── Information provided

lemma glact_inv_gen_in_range:
  assumes "a \<in> carrier G"
  shows "glact \<sigma> a (inv\<^bsub>G\<^esub> gen r x) \<in> range (\<lambda>y. inv\<^bsub>G\<^esub> gen r y)"
proof -
  obtain y where "glact \<sigma> (gract \<sigma> a (inv\<^bsub>G\<^esub> gen r x)) (gen r x) = gen r y"
    using glact_gen_in_range assms by (metis gen_closed gract_closed inv_closed rangeE)
  then show ?thesis
    using glact_inv_right[OF assms gen_closed, of x] by auto
qed

lemma lact_trivial_if_glact_self_trivial:
  assumes fixed: "\<forall>a \<in> carrier G. glact \<sigma> a a = a"
  shows "lact r y x = x"
proof -
  have self: "lact r z z = z" for z
    using fixed[rule_format, of "gen r z"] by simp
  define a where "a = gen r x \<otimes>\<^bsub>G\<^esub> gen r y"
  have a: "a \<in> carrier G"
    by (simp add: a_def)
  obtain q where q: "glact \<sigma> (gract \<sigma> a (gen r x)) (gen r y) = gen r q"
    using glact_gen_in_range[of "gract \<sigma> a (gen r x)" y] a by auto
  have "a = glact \<sigma> a (gen r x \<otimes>\<^bsub>G\<^esub> gen r y)"
    using fixed a by (simp add: a_def)
  also have "\<dots> = gen r (lact r x (lact r y x)) \<otimes>\<^bsub>G\<^esub> gen r q"
    using a by (simp add: glact_mult_right q) (simp add: a_def glact_mult)
  finally consider "(lact r x (lact r y x), q) = (x, y)" | "(lact r x (lact r y x), q) = r (x, y)"
    using gen_mult_gen_eqD[OF S_embeds_in_G r_involutive] unfolding a_def by metis
  then show ?thesis
  proof cases
    case 1
    then show ?thesis
      using self[of x] by (metis lact_eq_iff prod.inject)
  next
    case 2
    then have "lact r x (lact r y x) = lact r x y"
      by (simp add: lact_def prod_eq_iff)
    then have "lact r y x = y"
      by simp
    then show ?thesis
      using self[of y] by (metis lact_eq_iff)
  qed
qed

lemma lact_self_if_two_sided_brace:
  assumes two_sided: "two_sided_brace G (brace_add G \<sigma>)"
  shows "lact r x x = x"
proof -
  txt \<open>The additive inverse of x is t^{-1}, so the two-sided law with c = t gives t + t = x t.\<close>
  obtain t where t: "glact \<sigma> (gen r x) (inv\<^bsub>G\<^esub> gen r x) = inv\<^bsub>G\<^esub> gen r t"
    using glact_inv_gen_in_range[of "gen r x" x] by auto
  define t' where "t' = inv_into UNIV (lact r t) t"
  have lact_t': "lact r t t' = t"
    unfolding t'_def using lact_bij by (simp add: bij_is_surj surj_f_inv_f)
  have "brace_add G \<sigma> (gen r x) (inv\<^bsub>G\<^esub> gen r t) = \<one>\<^bsub>G\<^esub>"
    by (simp add: brace_add_def flip: t)
  then have "brace_add G \<sigma> (gen r t) (gen r t) = gen r x \<otimes>\<^bsub>G\<^esub> gen r t"
    using two_sided_brace_add_self[OF two_sided, of "gen r x" "inv\<^bsub>G\<^esub> gen r t" "gen r t"]
    by simp
  then have "gen r t \<otimes>\<^bsub>G\<^esub> gen r t' = gen r x \<otimes>\<^bsub>G\<^esub> gen r t"
    by (simp add: brace_add_gen_gen t'_def)
  then consider "(t, t') = (x, t)" | "(t, t') = r (x, t)"
    using gen_mult_gen_eqD[OF S_embeds_in_G r_involutive] by blast
  then show ?thesis
  proof cases
    case 1
    then show ?thesis
      using lact_t' by simp
  next
    case 2
    then have "r (t, t') = (x, t)"
      using r_involutive by metis
    then have "x = t"
      using lact_t' by (simp add: lact_def)
    then show ?thesis
      using 2 by (simp add: lact_def prod_eq_iff)
  qed
qed

lemma lact_trivial_if_two_sided_brace:
  assumes two_sided: "two_sided_brace G (brace_add G \<sigma>)"
  shows "lact r x z = z"
proof -
  let ?add = "brace_add G \<sigma>" and ?g = "gen r x" and ?i = "inv\<^bsub>G\<^esub> gen r x"
  have self: "lact r y y = y" for y
    by (rule lact_self_if_two_sided_brace[OF two_sided])
  obtain zero where additive: "comm_group \<lparr>carrier = carrier G, monoid.mult = ?add, one = zero\<rparr>"
    using two_sided unfolding two_sided_brace_def left_brace_def by blast
  txt \<open>By square-freeness x^{-1} is the additive inverse of x; the two-sided law with c = z
    then gives z z = z + z = {}^x z + {}^{x^{-1}} z, a product of two generators starting
    with {}^x z.\<close>
  have "glact \<sigma> ?i ?i = ?i"
    using glact_inv_self[of ?g] self[of x] by simp
  then have neg: "?add ?g ?i = \<one>\<^bsub>G\<^esub>"
    by (simp add: brace_add_def)
  define u where "u = lact r x z"
  obtain v where v: "glact \<sigma> ?i (gen r z) = gen r v"
    using glact_gen_in_range[of ?i z] by auto
  obtain w where w: "glact \<sigma> (inv\<^bsub>G\<^esub> gen r u) (gen r v) = gen r w"
    using glact_gen_in_range[of "inv\<^bsub>G\<^esub> gen r u" v] by auto
  have "inv_into UNIV (lact r z) z = z"
    using inv_into_f_f[of "lact r z" UNIV z] lact_bij[of z] self[of z] by (simp add: bij_is_inj)
  then have "gen r z \<otimes>\<^bsub>G\<^esub> gen r z = ?add (gen r z) (gen r z)"
    by (simp add: brace_add_gen_gen)
  also have "\<dots> = ?add (?g \<otimes>\<^bsub>G\<^esub> gen r z) (?i \<otimes>\<^bsub>G\<^esub> gen r z)"
    using two_sided_brace_add_self[OF two_sided _ _ _ neg] by simp
  also have "\<dots> = ?add (?add ?g (gen r u)) (?add ?i (gen r v))"
    by (simp add: mult_eq_brace_add_glact u_def flip: v)
  also have "\<dots> = ?add (?add ?g ?i) (?add (gen r u) (gen r v))"
    using comm_monoid.m_interchange[OF comm_group.axioms(1)[OF additive]] by simp
  also have "\<dots> = gen r u \<otimes>\<^bsub>G\<^esub> gen r w"
    by (simp add: neg) (simp add: brace_add_def w)
  finally have "(u, w) = (z, z) \<or> (u, w) = r (z, z)"
    using gen_mult_gen_eqD[OF S_embeds_in_G r_involutive] by metis
  then show ?thesis
    using self[of z] by (auto simp: u_def lact_def prod_eq_iff)
qed
(* Let $f^{\pm},g^{\pm}:\mathbb{R}^2\to\mathbb{R}$ and $H:\mathbb{R}^2\times\mathbb{R}\to\mathbb{R}$ be $C^2$, and consider for $\varepsilon>0$ the Filippov system $(\dot x,\dot y)=(f^{+},g^{+})(x,y)$ if $H(x,y,\varepsilon)>0$ and $(\dot x,\dot y)=(f^{-},g^{-})(x,y)$ if $H(x,y,\varepsilon)<0$. Assume $f^-(0)=g^-(0)=0$, $H(0)=0$, $H_x(0)=0$, $H_y(0)\ne0$, $$H_y(0)g^+(0)<0,\qquad g^-_x(0)\neq0,\qquad (f^-_x(0),g^-_x(0))\ \text{not parallel to}\ (f^+(0),g^+(0)).$$ Then there exist $r>0$, $\varepsilon_0>0$ such that for each $0<\varepsilon\le\varepsilon_0$ there is a unique point $(A(\varepsilon),B(\varepsilon))\in[-r,r]^2$ with $$H(A,B,\varepsilon)=0,\qquad H_x(A,B,\varepsilon)f^-(A,B)+H_y(A,B,\varepsilon)g^-(A,B)=0,$$ and $\varepsilon\mapsto(A(\varepsilon),B(\varepsilon))$ is $C^1$ with $(A(0),B(0))=(0,0)$. Moreover: 1) $(A'(0),B'(0))=\dfrac{H_\varepsilon(0)}{H_y(0)}\Big(\dfrac{g^-_y(0)}{g^-_x(0)},-1\Big)$. 2) $L\setminus\{(A(\varepsilon),B(\varepsilon))\}=L_{sliding}\cup L_{crossing}$, where $L=\{(x,y)\in[-r,r]^2:H(x,y,\varepsilon)=0\}$, $L_{sliding}=\{(x,y)\in L: H_xf^-+H_yg^->0\}$, $L_{crossing}=\{(x,y)\in L: H_xf^-+H_yg^-<0\}$ (with $H_x,H_y$ evaluated at $(x,y,\varepsilon)$ and $f^-,g^-$ at $(x,y)$). 3) The system $f^-(a,b)-\lambda f^+(a,b)=0$, $g^-(a,b)-\lambda g^+(a,b)=0$, $H(a,b,\varepsilon)=0$ has, near $(0,0,0)$, a unique $C^1$ solution $(a(\varepsilon),b(\varepsilon),\lambda(\varepsilon))$ with $(a,b,\lambda)(0)=0$, and $$(a'(0),b'(0),\lambda'(0))=\frac{H_\varepsilon(0)}{H_y(0)}\left(\frac{f^-_y(0)g^+(0)-g^-_y(0)f^+(0)}{f^-_x(0)g^+(0)-g^-_x(0)f^+(0)},\,-1,\,-\frac{f^-_x(0)g^-_y(0)-f^-_y(0)g^-_x(0)}{f^-_x(0)g^+(0)-g^-_x(0)f^+(0)}\right).$$
   Context: Subscripts denote partial derivatives; "$(0)$" means evaluation at the origin (and $\varepsilon=0$ for $H$). The solutions $(a(\varepsilon),b(\varepsilon))$ of the system in 3) are the equilibria (pseudo-equilibria) of the Filippov sliding vector field on the switching curve $\{H=0\}$. *)

theory Defs
  imports "HOL-Analysis.Analysis"
begin
definition O_hom ::
  "('k::field \<Rightarrow> 'g::ab_group_add \<Rightarrow> 'g) \<Rightarrow> ('g \<Rightarrow> 'g \<Rightarrow> 'g) \<Rightarrow>
   ('k \<Rightarrow> 'v::ab_group_add \<Rightarrow> 'v) \<Rightarrow> ('g \<Rightarrow> 'v \<Rightarrow> 'v) \<Rightarrow>
   ('v \<Rightarrow> 'g) \<Rightarrow> ('v \<Rightarrow> 'g) \<Rightarrow> ('g \<Rightarrow> 'g) \<Rightarrow> ('v \<Rightarrow> 'v) \<Rightarrow> bool" where
  "O_hom sg br sv rho T' T phig phiV \<longleftrightarrow>
     lie_hom sg br phig \<and> Vector_Spaces.linear sv sv phiV \<and>
     (\<forall>u. T (phiV u) = phig (T' u)) \<and>
     (\<forall>y u. phiV (rho y u) = rho (phig y) (phiV u))"

definition inf_deformation ::
  "('k::field \<Rightarrow> 'g::ab_group_add \<Rightarrow> 'g) \<Rightarrow> ('g \<Rightarrow> 'g \<Rightarrow> 'g) \<Rightarrow>
   ('k \<Rightarrow> 'v::ab_group_add \<Rightarrow> 'v) \<Rightarrow> ('g \<Rightarrow> 'v \<Rightarrow> 'v) \<Rightarrow> ('v \<Rightarrow> 'g) \<Rightarrow> ('v \<Rightarrow> 'g) \<Rightarrow> bool" where
  "inf_deformation sg br sv rho T Tf \<longleftrightarrow>
     Vector_Spaces.linear sv sg Tf \<and>
     (\<forall>t::'k. O_operator sg br sv rho (\<lambda>u. T u + sg t (Tf u)))"

definition trivial_inf_deformation ::
  "('k::field \<Rightarrow> 'g::ab_group_add \<Rightarrow> 'g) \<Rightarrow> ('g \<Rightarrow> 'g \<Rightarrow> 'g) \<Rightarrow>
   ('k \<Rightarrow> 'v::ab_group_add \<Rightarrow> 'v) \<Rightarrow> ('g \<Rightarrow> 'v \<Rightarrow> 'v) \<Rightarrow> ('v \<Rightarrow> 'g) \<Rightarrow> ('v \<Rightarrow> 'g) \<Rightarrow> bool" where
  "trivial_inf_deformation sg br sv rho T Tf \<longleftrightarrow>
     inf_deformation sg br sv rho T Tf \<and>
     (\<exists>x. \<forall>t::'k. O_hom sg br sv rho (\<lambda>u. T u + sg t (Tf u)) T
                  (\<lambda>y. y + sg t (br x y)) (\<lambda>u. u + sv t (rho x u)))"

end

theory Submission
  imports Defs
begin

text \<open>
  Write \<open>D = d x\<close>, so that \<open>T (\<rho>(x) u) = D u + [x, T u]\<close>. The family \<open>T + t D\<close> is an
  \<open>\<O>\<close>-operator for all \<open>t\<close> as soon as the first-order term vanishes, which holds for
  every coboundary \<open>d x\<close> (it is a cocycle), and \<open>D\<close> is itself an \<open>\<O>\<close>-operator. For the
  latter the Nijenhuis conditions make \<open>D\<close> take values in the centralizer of \<open>x\<close> and
  kill the quadratic terms \<open>[[x,y],[x,z]]\<close> and \<open>\<rho>([x,y]) \<rho>(x)\<close>; the same three
  conditions make \<open>(Id + t ad x, Id + t \<rho>(x))\<close> a homomorphism from \<open>T + t D\<close> to \<open>T\<close>.
\<close>

locale lie_alg =
  fixes sg :: "'k::field \<Rightarrow> 'g::ab_group_add \<Rightarrow> 'g"
    and br :: "'g \<Rightarrow> 'g \<Rightarrow> 'g"
  assumes lie_algebra: "lie_algebra sg br"
begin

sublocale g: vector_space sg
  using lie_algebra by (simp add: lie_algebra_def)

sublocale gg: vector_space_pair sg sg ..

────

Your objective:
Looking back over the data above, restate word for word the lines that begin at the line with "txt \<open>By square-freeness" and end at the line with "using glact_inv_self[of ?g]", inclusive.

Reply:
  txt \<open>By square-freeness x^{-1} is the additive inverse of x; the two-sided law with c = z
    then gives z z = z + z = {}^x z + {}^{x^{-1}} z, a product of two generators starting
    with {}^x z.\<close>
  have "glact \<sigma> ?i ?i = ?i"
    using glact_inv_self[of ?g] self[of x] by simp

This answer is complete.